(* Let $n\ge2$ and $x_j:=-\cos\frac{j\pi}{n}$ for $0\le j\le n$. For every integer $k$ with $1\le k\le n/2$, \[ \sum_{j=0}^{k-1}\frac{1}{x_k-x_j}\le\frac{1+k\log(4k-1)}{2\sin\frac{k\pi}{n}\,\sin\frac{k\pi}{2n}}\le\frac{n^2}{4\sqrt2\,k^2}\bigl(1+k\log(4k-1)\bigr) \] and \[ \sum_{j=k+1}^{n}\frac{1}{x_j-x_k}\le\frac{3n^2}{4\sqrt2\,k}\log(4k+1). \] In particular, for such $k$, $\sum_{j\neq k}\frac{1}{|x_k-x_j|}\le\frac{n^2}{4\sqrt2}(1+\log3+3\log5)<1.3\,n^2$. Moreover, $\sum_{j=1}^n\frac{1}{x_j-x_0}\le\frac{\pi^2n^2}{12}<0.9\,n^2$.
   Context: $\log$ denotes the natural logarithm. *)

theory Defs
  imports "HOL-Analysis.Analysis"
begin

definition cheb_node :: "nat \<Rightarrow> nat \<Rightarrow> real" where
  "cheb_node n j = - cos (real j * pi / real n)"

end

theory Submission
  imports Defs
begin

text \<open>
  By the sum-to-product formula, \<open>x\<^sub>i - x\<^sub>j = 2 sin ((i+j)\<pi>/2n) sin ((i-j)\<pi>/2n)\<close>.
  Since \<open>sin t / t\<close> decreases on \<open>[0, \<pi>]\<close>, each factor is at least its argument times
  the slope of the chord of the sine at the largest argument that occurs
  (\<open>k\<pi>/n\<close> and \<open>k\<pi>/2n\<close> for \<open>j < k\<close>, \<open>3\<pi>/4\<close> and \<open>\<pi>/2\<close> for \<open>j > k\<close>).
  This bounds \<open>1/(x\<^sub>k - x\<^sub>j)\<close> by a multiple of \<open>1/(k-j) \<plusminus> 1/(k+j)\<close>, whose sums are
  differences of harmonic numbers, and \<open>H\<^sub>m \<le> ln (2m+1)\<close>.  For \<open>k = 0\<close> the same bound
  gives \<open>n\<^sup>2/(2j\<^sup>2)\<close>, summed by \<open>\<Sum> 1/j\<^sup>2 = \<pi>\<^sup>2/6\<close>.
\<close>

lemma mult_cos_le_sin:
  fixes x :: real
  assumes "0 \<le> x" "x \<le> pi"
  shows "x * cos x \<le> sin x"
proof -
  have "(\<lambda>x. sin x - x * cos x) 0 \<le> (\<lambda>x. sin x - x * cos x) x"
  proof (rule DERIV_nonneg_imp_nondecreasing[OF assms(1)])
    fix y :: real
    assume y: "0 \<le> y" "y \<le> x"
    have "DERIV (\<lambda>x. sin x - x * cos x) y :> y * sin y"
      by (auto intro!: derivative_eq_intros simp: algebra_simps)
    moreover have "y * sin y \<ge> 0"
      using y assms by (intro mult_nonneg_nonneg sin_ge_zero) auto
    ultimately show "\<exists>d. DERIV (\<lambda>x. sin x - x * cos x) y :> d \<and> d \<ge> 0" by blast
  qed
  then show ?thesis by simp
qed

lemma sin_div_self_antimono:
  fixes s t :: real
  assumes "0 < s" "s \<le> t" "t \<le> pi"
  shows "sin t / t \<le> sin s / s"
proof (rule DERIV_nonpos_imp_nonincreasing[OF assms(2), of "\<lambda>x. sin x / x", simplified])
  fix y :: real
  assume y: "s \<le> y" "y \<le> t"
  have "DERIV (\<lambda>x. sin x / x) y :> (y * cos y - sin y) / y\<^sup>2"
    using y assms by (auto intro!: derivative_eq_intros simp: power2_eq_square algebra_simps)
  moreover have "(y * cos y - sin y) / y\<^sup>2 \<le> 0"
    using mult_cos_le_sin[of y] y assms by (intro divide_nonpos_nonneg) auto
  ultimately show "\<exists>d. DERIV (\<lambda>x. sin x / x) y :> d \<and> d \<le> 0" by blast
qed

........

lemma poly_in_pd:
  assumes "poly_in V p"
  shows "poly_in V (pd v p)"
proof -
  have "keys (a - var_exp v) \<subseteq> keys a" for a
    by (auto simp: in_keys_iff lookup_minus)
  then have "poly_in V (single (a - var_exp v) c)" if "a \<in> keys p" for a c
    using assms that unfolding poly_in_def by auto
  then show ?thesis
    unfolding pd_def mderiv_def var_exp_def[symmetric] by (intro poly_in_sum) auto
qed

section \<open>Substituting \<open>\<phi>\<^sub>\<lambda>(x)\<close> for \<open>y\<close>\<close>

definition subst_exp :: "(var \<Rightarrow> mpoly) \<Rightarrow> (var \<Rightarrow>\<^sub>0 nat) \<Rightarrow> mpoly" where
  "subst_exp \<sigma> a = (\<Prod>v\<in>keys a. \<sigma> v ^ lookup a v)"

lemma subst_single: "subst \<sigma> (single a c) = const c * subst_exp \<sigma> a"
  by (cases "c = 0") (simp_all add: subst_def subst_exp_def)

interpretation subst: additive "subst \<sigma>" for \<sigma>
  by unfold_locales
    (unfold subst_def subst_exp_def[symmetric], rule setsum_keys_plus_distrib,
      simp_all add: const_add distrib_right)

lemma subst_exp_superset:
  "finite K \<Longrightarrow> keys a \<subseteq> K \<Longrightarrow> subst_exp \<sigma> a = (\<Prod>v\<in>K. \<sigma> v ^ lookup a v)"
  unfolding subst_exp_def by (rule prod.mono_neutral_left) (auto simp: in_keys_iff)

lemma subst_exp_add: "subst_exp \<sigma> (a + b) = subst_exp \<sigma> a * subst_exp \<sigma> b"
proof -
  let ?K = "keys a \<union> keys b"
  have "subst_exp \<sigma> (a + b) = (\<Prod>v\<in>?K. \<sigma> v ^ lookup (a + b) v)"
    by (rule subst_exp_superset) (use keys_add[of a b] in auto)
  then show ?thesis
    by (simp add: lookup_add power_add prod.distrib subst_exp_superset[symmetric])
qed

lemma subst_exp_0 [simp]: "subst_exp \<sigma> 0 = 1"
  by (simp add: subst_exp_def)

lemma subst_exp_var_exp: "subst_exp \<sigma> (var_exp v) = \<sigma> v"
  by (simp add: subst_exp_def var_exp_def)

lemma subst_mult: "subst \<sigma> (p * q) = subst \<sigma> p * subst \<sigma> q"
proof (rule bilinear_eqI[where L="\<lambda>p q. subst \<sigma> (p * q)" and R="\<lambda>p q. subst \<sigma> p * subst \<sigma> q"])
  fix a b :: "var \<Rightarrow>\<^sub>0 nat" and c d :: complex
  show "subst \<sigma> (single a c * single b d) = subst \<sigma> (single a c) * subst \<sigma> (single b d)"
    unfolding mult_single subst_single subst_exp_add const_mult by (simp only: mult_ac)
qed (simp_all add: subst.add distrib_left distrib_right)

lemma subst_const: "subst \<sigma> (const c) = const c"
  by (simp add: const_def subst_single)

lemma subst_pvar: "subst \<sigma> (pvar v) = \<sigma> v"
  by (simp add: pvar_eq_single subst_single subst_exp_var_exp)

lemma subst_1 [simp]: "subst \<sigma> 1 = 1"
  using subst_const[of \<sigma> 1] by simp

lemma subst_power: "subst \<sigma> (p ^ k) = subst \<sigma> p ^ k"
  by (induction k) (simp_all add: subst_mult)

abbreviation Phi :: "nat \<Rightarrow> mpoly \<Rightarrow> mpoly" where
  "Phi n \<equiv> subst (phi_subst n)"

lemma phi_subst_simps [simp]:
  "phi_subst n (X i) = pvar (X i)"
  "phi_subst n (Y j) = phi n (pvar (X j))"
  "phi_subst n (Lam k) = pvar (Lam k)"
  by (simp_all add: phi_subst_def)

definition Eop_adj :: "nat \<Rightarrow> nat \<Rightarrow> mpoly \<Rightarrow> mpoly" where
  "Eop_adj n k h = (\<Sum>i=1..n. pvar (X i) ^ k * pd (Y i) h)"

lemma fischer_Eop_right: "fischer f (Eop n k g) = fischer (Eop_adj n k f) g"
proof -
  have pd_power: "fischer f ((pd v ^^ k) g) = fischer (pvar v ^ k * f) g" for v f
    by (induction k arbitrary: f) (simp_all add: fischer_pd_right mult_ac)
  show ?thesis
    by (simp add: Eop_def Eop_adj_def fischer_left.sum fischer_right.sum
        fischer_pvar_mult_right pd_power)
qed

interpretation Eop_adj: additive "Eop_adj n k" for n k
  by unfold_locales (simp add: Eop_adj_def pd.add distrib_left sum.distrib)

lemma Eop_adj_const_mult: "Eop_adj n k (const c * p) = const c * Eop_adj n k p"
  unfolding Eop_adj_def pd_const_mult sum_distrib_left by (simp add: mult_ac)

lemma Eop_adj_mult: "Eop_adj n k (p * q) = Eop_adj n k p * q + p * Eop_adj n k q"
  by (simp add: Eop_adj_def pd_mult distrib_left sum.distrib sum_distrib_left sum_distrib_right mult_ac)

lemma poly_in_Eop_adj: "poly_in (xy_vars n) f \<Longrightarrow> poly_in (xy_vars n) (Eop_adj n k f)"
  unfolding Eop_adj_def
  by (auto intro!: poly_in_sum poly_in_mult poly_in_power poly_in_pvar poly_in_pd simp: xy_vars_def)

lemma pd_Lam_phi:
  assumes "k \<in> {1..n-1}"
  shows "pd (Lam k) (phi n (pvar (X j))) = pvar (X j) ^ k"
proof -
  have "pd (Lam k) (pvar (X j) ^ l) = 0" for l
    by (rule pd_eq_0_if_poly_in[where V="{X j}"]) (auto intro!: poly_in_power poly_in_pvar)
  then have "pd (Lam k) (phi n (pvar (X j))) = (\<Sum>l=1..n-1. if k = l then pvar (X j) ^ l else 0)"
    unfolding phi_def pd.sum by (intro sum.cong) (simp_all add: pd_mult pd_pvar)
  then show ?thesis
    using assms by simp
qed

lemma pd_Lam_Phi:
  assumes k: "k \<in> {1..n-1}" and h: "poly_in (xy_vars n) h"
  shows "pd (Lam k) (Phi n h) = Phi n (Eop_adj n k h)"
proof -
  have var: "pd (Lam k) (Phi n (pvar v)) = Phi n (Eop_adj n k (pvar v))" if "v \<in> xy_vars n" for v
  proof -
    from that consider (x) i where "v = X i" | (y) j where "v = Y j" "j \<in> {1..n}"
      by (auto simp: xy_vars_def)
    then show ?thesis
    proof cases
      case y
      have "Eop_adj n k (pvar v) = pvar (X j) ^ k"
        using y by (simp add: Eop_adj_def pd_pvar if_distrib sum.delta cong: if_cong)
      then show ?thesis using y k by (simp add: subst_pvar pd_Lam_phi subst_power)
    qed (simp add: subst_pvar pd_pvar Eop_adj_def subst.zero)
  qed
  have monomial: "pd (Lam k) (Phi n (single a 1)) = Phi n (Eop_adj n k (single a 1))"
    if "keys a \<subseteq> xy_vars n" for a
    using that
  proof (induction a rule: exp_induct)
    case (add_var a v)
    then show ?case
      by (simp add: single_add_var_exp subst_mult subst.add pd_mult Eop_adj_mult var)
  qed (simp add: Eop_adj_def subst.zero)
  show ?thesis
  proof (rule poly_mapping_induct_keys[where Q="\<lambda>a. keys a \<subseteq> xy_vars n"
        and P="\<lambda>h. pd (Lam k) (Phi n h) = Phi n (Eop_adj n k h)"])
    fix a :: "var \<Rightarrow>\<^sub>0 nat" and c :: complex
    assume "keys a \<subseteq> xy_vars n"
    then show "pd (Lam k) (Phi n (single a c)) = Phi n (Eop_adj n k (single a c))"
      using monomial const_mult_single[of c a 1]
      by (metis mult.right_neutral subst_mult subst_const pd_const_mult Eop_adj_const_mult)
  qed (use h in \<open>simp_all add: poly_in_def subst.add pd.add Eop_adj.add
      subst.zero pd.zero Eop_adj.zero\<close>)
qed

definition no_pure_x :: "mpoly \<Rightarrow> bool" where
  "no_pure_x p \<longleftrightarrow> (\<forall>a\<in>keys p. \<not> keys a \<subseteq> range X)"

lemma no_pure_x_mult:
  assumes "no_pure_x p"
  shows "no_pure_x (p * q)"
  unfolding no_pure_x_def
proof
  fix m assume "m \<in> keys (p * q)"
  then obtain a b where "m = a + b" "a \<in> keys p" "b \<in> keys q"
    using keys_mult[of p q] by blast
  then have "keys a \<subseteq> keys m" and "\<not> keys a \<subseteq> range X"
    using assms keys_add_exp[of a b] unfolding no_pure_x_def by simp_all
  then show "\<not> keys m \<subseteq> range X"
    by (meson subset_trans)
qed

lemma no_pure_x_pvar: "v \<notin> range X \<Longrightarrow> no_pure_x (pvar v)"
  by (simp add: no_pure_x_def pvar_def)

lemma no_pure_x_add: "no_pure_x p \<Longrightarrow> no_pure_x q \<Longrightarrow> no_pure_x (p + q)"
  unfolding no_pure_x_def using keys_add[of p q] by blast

........

Directions: Where a line of the data above includes "definition", copy that line.

Reply to the exercise:
definition cheb_node :: "nat \<Rightarrow> nat \<Rightarrow> real" where
definition subst_exp :: "(var \<Rightarrow> mpoly) \<Rightarrow> (var \<Rightarrow>\<^sub>0 nat) \<Rightarrow> mpoly" where
definition Eop_adj :: "nat \<Rightarrow> nat \<Rightarrow> mpoly \<Rightarrow> mpoly" where
definition no_pure_x :: "mpoly \<Rightarrow> bool" where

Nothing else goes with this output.